Last week Linden Lab founder Philip Rosedale announced the arrival of a greatly improved web map interface to Second Life, located at slurl.com. It now features way more granularity, and runs off Amazon's S3 service. It's surely one of those development projects Philip mentioned wanting to do more of, when he stepped down as company CEO last year. (He talked about it excitedly to a group of us at last weekend's "Molotov" screening.) "It should be fun to explore the map: to look at what is near your home," as he writes on the official blog, "to drill down for more detail, to randomly surf around and jump to places that look interesting from the air."
But why does the web map exist in the first place? As it happens, my friend Lauren Lamonica has the story on her blog. She helped run the Linden's marketing and develop in-world projects up until mid-2006, before going on to work at Millions of Us (where she put together Cisco System's virtual hospital), and elsewhere. The map, she writes, was a way--
... to show exponential growth in content within Second Life without requiring that our one and only designer constantly snap and upload pictures in-world.
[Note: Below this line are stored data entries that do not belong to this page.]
(* Let $q_1,q_2$ each be functions as in the context and define $c(t)=\int_{-\infty}^{\infty}e^{-q_1(v)}e^{-q_2(t-v)}\,dv$ for $t\in\mathbb{R}$. Then $c$ is an even, strictly positive function on $\mathbb{R}$ with $c'(t)<0$ for all $t>0$; equivalently $c(t)=e^{-g(t)}$ for an even function $g$ with $g'(t)>0$ for all $t>0$.
   Context: A function $q:\mathbb{R}\to\mathbb{R}$ is "as in the context" if it has the form $q(t)=k\,t^{2m}e^{\mu t^2}\prod_n\left(1+t^2/\beta_n^2\right)$, where $k>0$, $\mu\ge 0$, $m$ is a positive integer, and $(\beta_n)$ is a finite or infinite sequence of nonzero real numbers with $\sum_n \beta_n^{-2}<\infty$ (the product is taken to be $1$ if there are no $\beta_n$), and there exist constants $T>0$ and $\alpha>0$ such that $q(t)>t^{2+\alpha}$ for all real $t\ge T$. *)

theory Defs
  imports "HOL-Analysis.Analysis"
begin

text \<open>A function q is "as in the context": q(t) = k t^(2m) e^(mu t^2) prod_n (1 + t^2/beta_n^2),
  with the (finite or infinite) sequence beta indexed by an arbitrary index set I of naturals
  (I finite: finite sequence; I infinite: infinite sequence).\<close>
definition as_in_context :: "(real \<Rightarrow> real) \<Rightarrow> bool" where
  "as_in_context q \<longleftrightarrow>
     (\<exists>(k::real) (\<mu>::real) (m::nat) (I::nat set) (\<beta>::nat \<Rightarrow> real).
        k > 0 \<and> \<mu> \<ge> 0 \<and> m > 0 \<and>
        (\<forall>n\<in>I. \<beta> n \<noteq> 0) \<and>
        summable (\<lambda>n. if n \<in> I then 1 / (\<beta> n)^2 else 0) \<and>
        (\<forall>t. q t = k * t^(2*m) * exp (\<mu> * t^2) *
                    (\<Prod>n. if n \<in> I then 1 + t^2 / (\<beta> n)^2 else 1)) \<and>
        (\<exists>T>0. \<exists>\<alpha>>0. \<forall>t\<ge>T. q t > t powr (2 + \<alpha>)))"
Finally, it seemed that if we could convey that Second Life was a place and not a game, we would have a much easier time explaining the rest.
The map was successful in doing that, though she also notes that it did not improve new user retention. (I suspect it does more to keep established users engaged, and give them a sense of virtual world patrotism, so to speak, especially as they see their home country grow larger than others.)
Lauren offers some suggestions on improving the map's functionality, ideas that third party developers and API hackers could have fun with, as much as the Lindens. In any case, it's a nice behind-the-scenes look at the Lindens' strategic thinking which went into making SL what it is now (for better and worse.) Read it all here. I'm hoping she shares more, because she has an interesting background in all this; before joining the Lindens, for example, she was a student of Randy Pausch, the beloved Carnegie Mellon professor who gave his acclaimed "Last Lecture" shortly before succumbing to cancer, and helped develop a virtual reality art installation with the Centre for Metahuman Exploration.